From e04836e0e1c822f586778d489c8b7ea6708feec5 Mon Sep 17 00:00:00 2001
From: Matthias van de Meent <boekewurm+postgres@gmail.com>
Date: Thu, 12 Sep 2024 15:27:02 +0100
Subject: [PATCH v1 2/2] nbtree: add tracking of processing responsibilities in
 BTPSD

By tracking which proc is responsible for moving the state forward, we can
make assertions about the scan moving forward, and also assign blame to a
specific backend when we still get stuck.
---
 src/backend/access/nbtree/nbtree.c | 36 ++++++++++++++++++++++++++++++
 1 file changed, 36 insertions(+)

diff --git a/src/backend/access/nbtree/nbtree.c b/src/backend/access/nbtree/nbtree.c
index 2b553d1161..0324860451 100644
--- a/src/backend/access/nbtree/nbtree.c
+++ b/src/backend/access/nbtree/nbtree.c
@@ -72,6 +72,10 @@ typedef struct BTParallelScanDescData
 									 * possible states of parallel scan. */
 	slock_t		btps_mutex;		/* protects above variables, btps_arrElems */
 	ConditionVariable btps_cv;	/* used to synchronize parallel scan */
+#ifdef USE_ASSERT_CHECKING
+	ProcNumber	btps_procnumber;	/* procnumber of backend currently
+									 * advancing the scan */
+#endif
 
 	/*
 	 * btps_arrElems is used when scans need to schedule another primitive
@@ -550,6 +554,9 @@ btinitparallelscan(void *target)

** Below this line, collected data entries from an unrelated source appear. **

theorem mainTheorem11:
  fixes K t :: nat
  assumes "1 < t" and "t < K"
  shows "s_PDA (K choose t) K ((K - 1) choose (t - 1)) = (K choose t) * (K - t) div (t + 1)
       \<and> (K choose t) * (K - t) div (t + 1) = K choose (t + 1)
       \<and> (t + 1) dvd (K choose t) * (K - t)"
proof -
  have t_pos: "0 < t" using assms by simp
  have rows: "K * ((K - 1) choose (t - 1)) = t * (K choose t)"
    using times_binomial_minus1_eq[OF t_pos] by simp
  have absorb: "(K choose t) * (K - t) = (t + 1) * (K choose (t + 1))"
    using binomial_absorb_comp[of K t] binomial_absorption[of t K] by (simp add: mult.commute)
  have "s_PDA (K choose t) K ((K - 1) choose (t - 1)) = K choose (t + 1)"
    unfolding s_PDA_def
  proof (rule Least_equality)
    show "\<exists>S R. is_PDA S (K choose t) K ((K - 1) choose (t - 1)) R \<and> card S = K choose (t + 1)"
      using ex_subset_PDA[OF t_pos] by simp
  next
    fix n assume "\<exists>S R. is_PDA S (K choose t) K ((K - 1) choose (t - 1)) R \<and> card S = n"
    then obtain S R where "is_PDA S (K choose t) K ((K - 1) choose (t - 1)) R" "card S = n"
      by blast
    with PDA_card_lower_bound[OF _ rows] absorb show "K choose (t + 1) \<le> n"
      by (metis mult_le_cancel1 zero_less_Suc Suc_eq_plus1)
  qed
  moreover have "(t + 1) * (K choose (t + 1)) div (t + 1) = K choose (t + 1)"
    by (rule nonzero_mult_div_cancel_left) simp
  ultimately show ?thesis
    unfolding absorb by (simp only: dvd_triv_left simp_thms)
qed

end
lemma
  assumes "square_summable v" "square_summable w"
  shows square_summable_diff: "square_summable (\<lambda>k. v k - w k)"
    and l2_norm_diff_le: "l2_norm (\<lambda>k. v k - w k) \<le> l2_norm v + l2_norm w"
proof -
  have "square_summable (\<lambda>k. - w k)" "l2_norm (\<lambda>k. - w k) = l2_norm w"
    using assms(2) by (simp_all add: square_summable_def l2_norm_def)
  then show "square_summable (\<lambda>k. v k - w k)" "l2_norm (\<lambda>k. v k - w k) \<le> l2_norm v + l2_norm w"
    using square_summable_add[OF assms(1), of "\<lambda>k. - w k"] l2_norm_add_le[OF assms(1), of "\<lambda>k. - w k"]
    by simp_all
qed

lemma square_summable_pointwise_limit:
  assumes "\<And>n. square_summable (V n)" "\<And>k. (\<lambda>n. V n k) \<longlonglongrightarrow> v k" "\<And>n. l2_norm (V n) \<le> C"
  shows "square_summable v"
proof -
  have "square_summable v \<and> l2_norm v \<le> C"
  proof (rule square_summable_l2_norm_le)
    fix F :: "int set" assume F: "finite F"
    have "(\<lambda>n. L2_set (\<lambda>k. norm (V n k)) F) \<longlonglongrightarrow> L2_set (\<lambda>k. norm (v k)) F"
      unfolding L2_set_def by (intro tendsto_intros assms(2))
    moreover have "L2_set (\<lambda>k. norm (V n k)) F \<le> C" for n
      using L2_set_le_l2_norm[OF assms(1) F] assms(3) order_trans by blast
    ultimately show "L2_set (\<lambda>k. norm (v k)) F \<le> C" by (intro LIMSEQ_le_const2) auto
  qed
  then show ?thesis ..
qed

 	SpinLockInit(&bt_target->btps_mutex);
 	bt_target->btps_scanPage = InvalidBlockNumber;
 	bt_target->btps_pageStatus = BTPARALLEL_NOT_INITIALIZED;
+#if USE_ASSERT_CHECKING
+	bt_target->btps_procnumber = INVALID_PROC_NUMBER;
+#endif
 	ConditionVariableInit(&bt_target->btps_cv);
 }
 
@@ -575,6 +582,9 @@ btparallelrescan(IndexScanDesc scan)

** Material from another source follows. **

(* Let $P_c$ and $P_d$ be the programs defined in the context, built with the same ordering $\alpha$ of $X$, and let $A'\subseteq A^+$. Then $P_d$ has a supported model $M$ with $A'=\{\vec a\in A^+: a\in M\}$ if and only if $P_c$ has a supported model $N$ with $A'=\{\vec a\in A^+: a\in N\}$.
   Context: Delete-relaxed planning. Let $X$ be a finite set of atomic propositions, $A^+$ a finite set of actions, and $G\subseteq X$. Each action $\vec a\in A^+$ has $pre(\vec a),add(\vec a)\subseteq X$; there are no delete effects and the initial state is $\emptyset$. For each action $\vec a$ there is an action atom $a$. Further atoms are: - $\mathrm{dep}(p,q)$ for $p,q\in X$; - $\mathrm{ws}(a,p)$ for actions $\vec a$ and $p\in X$; - a special atom $f$. All these atoms are pairwise distinct and distinct from $X$. Logic programs. A normal rule has the form $h\leftarrow b_1,\dots,b_n,\mathtt{not}\,c_1,\dots,\mathtt{not}\,c_m$, and a choice rule has the form $\{h\}\leftarrow(\text{same body})$; the body may be empty. An interpretation $I$ satisfies a body if all $b_i\in I$ and no $c_j\in I$. $I$ is a model if every normal rule whose body $I$ satisfies has its head in $I$. The supporting rules w.r.t. $I$ are: - the normal rules whose body $I$ satisfies; - the choice rules whose body $I$ satisfies and whose head is in $I$. A model $I$ is supported if $I$ equals the set of heads of its supporting rules. Vertex elimination. For a digraph $(V',E')$ and vertex $v$: - the fill-in is $F(v)=\{(x,y):(x,v),(v,y)\in E',x\ne y\}$; - the $v$-elimination graph deletes $v$ together with its incident arcs and adds $F(v)$. For an ordering $\alpha:\{1,\dots,n\}\to V$ of a digraph $\mathcal{G}$ with $n$ vertices, set $\mathcal{G}_0=\mathcal{G}$ and let $\mathcal{G}_i$ be the $\alpha(i)$-elimination graph of $\mathcal{G}_{i-1}$ for $i=1,\dots,n-1$. Let $F_{i-1}(\alpha(i))$ be the fill-in of $\alpha(i)$ in $\mathcal{G}_{i-1}$. The vertex elimination graph $\mathcal{G}^*_\alpha=(V,E^* )$ has as arcs the original arcs together with all $F_{i-1}(\alpha(i))$. Let $E=\{(p,q)\in X\times X:\exists \vec a\in A^+,\ p\in add(\vec a),\ q\in pre(\vec a)\}$ and $\mathcal{G}=(X,E)$. Let $n=|X|$, fix an ordering $\alpha$ of $X$, and let $E^*$ be the arc set of $\mathcal{G}^*_\alpha$. Define the rule groups: - (C5) $\mathrm{dep}(p,q)\leftarrow\mathrm{dep}(p,\alpha(i)),\mathrm{dep}(\alpha(i),q)$ for each $i\in\{1,\dots,n-1\}$ and each $(p,q)\in F_{i-1}(\alpha(i))$; - (C6) $f\leftarrow \mathrm{dep}(p,q),\mathrm{dep}(q,p),\mathtt{not}\,f$ for all $p,q\in X$ (possibly $p=q$) with $(p,q),(q,p)\in E^*$. Program $P_c$ (causal) consists of (C5), (C6), and: - (C1) $\{\mathrm{dep}(p,q)\}\leftarrow q$ for each $(p,q)\in E$; - (C2) $\{\mathrm{ws}(a,p)\}\leftarrow \mathrm{dep}(p,q_1),\dots,\mathrm{dep}(p,q_k)$ for each $\vec a\in A^+$ and $p\in add(\vec a)$, where $pre(\vec a)=\{q_1,\dots,q_k\}$; - (C3) $p\leftarrow \mathrm{ws}(a,p)$ and $a\leftarrow\mathrm{ws}(a,p)$ for each $\vec a\in A^+$ and $p\in add(\vec a)$; - (C4) $g\leftarrow\mathtt{not}\,g$ for each $g\in G$. Program $P_d$ (diagnostic) consists of (C5), (C6), and: - (D1) $\{p\}\leftarrow$ (empty body) for each $p\in X$; - (D2) $\{\mathrm{ws}(a,p)\}\leftarrow p$ for each $\vec a\in A^+$ and $p\in add(\vec a)$; - (D3) $f\leftarrow p,\mathtt{not}\,\mathrm{ws}(a_1,p),\dots,\mathtt{not}\,\mathrm{ws}(a_m,p),\mathtt{not}\,f$ for each $p\in X$, where $\vec a_1,\dots,\vec a_m$ are all actions $\vec a$ with $p\in add(\vec a)$; - (D4) $\mathrm{dep}(p,q)\leftarrow\mathrm{ws}(a,p)$ for each $\vec a\in A^+$, $p\in add(\vec a)$ and $q\in pre(\vec a)$; - (D5) $q\leftarrow\mathrm{dep}(p,q)$ for each $(p,q)\in E$; - (D6) $a\leftarrow\mathrm{ws}(a,p)$ for each $\vec a\in A^+$ and $p\in add(\vec a)$; - (D7) $g\leftarrow\mathtt{not}\,g$ for each $g\in G$. *)

theory Defs
  imports Main
begin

 	SpinLockAcquire(&btscan->btps_mutex);
 	btscan->btps_scanPage = InvalidBlockNumber;
 	btscan->btps_pageStatus = BTPARALLEL_NOT_INITIALIZED;
+#if USE_ASSERT_CHECKING
+	btscan->btps_procnumber = INVALID_PROC_NUMBER;
+#endif
 	SpinLockRelease(&btscan->btps_mutex);
 }
 
@@ -642,6 +652,9 @@ _bt_parallel_seize(IndexScanDesc scan, BlockNumber *pageno, bool first)
 
 	while (1)
 	{
+#ifdef USE_ASSERT_CHECKING
+		ProcNumber	waitingFor;
+#endif
 		SpinLockAcquire(&btscan->btps_mutex);
 
 		if (btscan->btps_pageStatus == BTPARALLEL_DONE)
@@ -674,6 +687,9 @@ _bt_parallel_seize(IndexScanDesc scan, BlockNumber *pageno, bool first)
 				so->scanBehind = false;
 				*pageno = InvalidBlockNumber;
 				exit_loop = true;
+#ifdef USE_ASSERT_CHECKING
+				btscan->btps_procnumber = MyProcNumber;
+#endif
 			}
 			else
 			{
@@ -690,12 +706,20 @@ _bt_parallel_seize(IndexScanDesc scan, BlockNumber *pageno, bool first)
 			 * of advancing it to a new page!
 			 */
 			btscan->btps_pageStatus = BTPARALLEL_ADVANCING;
+#ifdef USE_ASSERT_CHECKING
+			btscan->btps_procnumber = MyProcNumber;
+#endif
 			*pageno = btscan->btps_scanPage;
 			exit_loop = true;
 		}
+#ifdef USE_ASSERT_CHECKING
+		waitingFor = btscan->btps_procnumber;
+#endif
 		SpinLockRelease(&btscan->btps_mutex);
 		if (exit_loop || !status)
 			break;
+
+		Assert(waitingFor != MyProcNumber && waitingFor != INVALID_PROC_NUMBER);
 		ConditionVariableSleep(&btscan->btps_cv, WAIT_EVENT_BTREE_PAGE);
 	}
 	ConditionVariableCancelSleep();
@@ -726,6 +750,10 @@ _bt_parallel_release(IndexScanDesc scan, BlockNumber scan_page)
 	SpinLockAcquire(&btscan->btps_mutex);
 	btscan->btps_scanPage = scan_page;
 	btscan->btps_pageStatus = BTPARALLEL_IDLE;
+#if USE_ASSERT_CHECKING
+	Assert(btscan->btps_procnumber == MyProcNumber);
+	btscan->btps_procnumber = INVALID_PROC_NUMBER;
+#endif
 	SpinLockRelease(&btscan->btps_mutex);
 	ConditionVariableSignal(&btscan->btps_cv);
 }
@@ -758,6 +786,11 @@ _bt_parallel_done(IndexScanDesc scan)
 	SpinLockAcquire(&btscan->btps_mutex);
 	if (btscan->btps_pageStatus != BTPARALLEL_DONE)
 	{
+#if USE_ASSERT_CHECKING
+		Assert(btscan->btps_procnumber == MyProcNumber);
+		btscan->btps_procnumber = INVALID_PROC_NUMBER;
+#endif
+
 		btscan->btps_pageStatus = BTPARALLEL_DONE;
 		status_changed = true;
 	}
@@ -792,6 +825,9 @@ _bt_parallel_primscan_schedule(IndexScanDesc scan, BlockNumber prev_scan_page)
 	if (btscan->btps_scanPage == prev_scan_page &&
 		btscan->btps_pageStatus == BTPARALLEL_IDLE)
 	{
+#ifdef USE_ASSERT_CHECKING
+		Assert(btscan->btps_procnumber == INVALID_PROC_NUMBER);
+#endif
 		btscan->btps_scanPage = InvalidBlockNumber;
 		btscan->btps_pageStatus = BTPARALLEL_NEED_PRIMSCAN;
 
-- 
2.46.0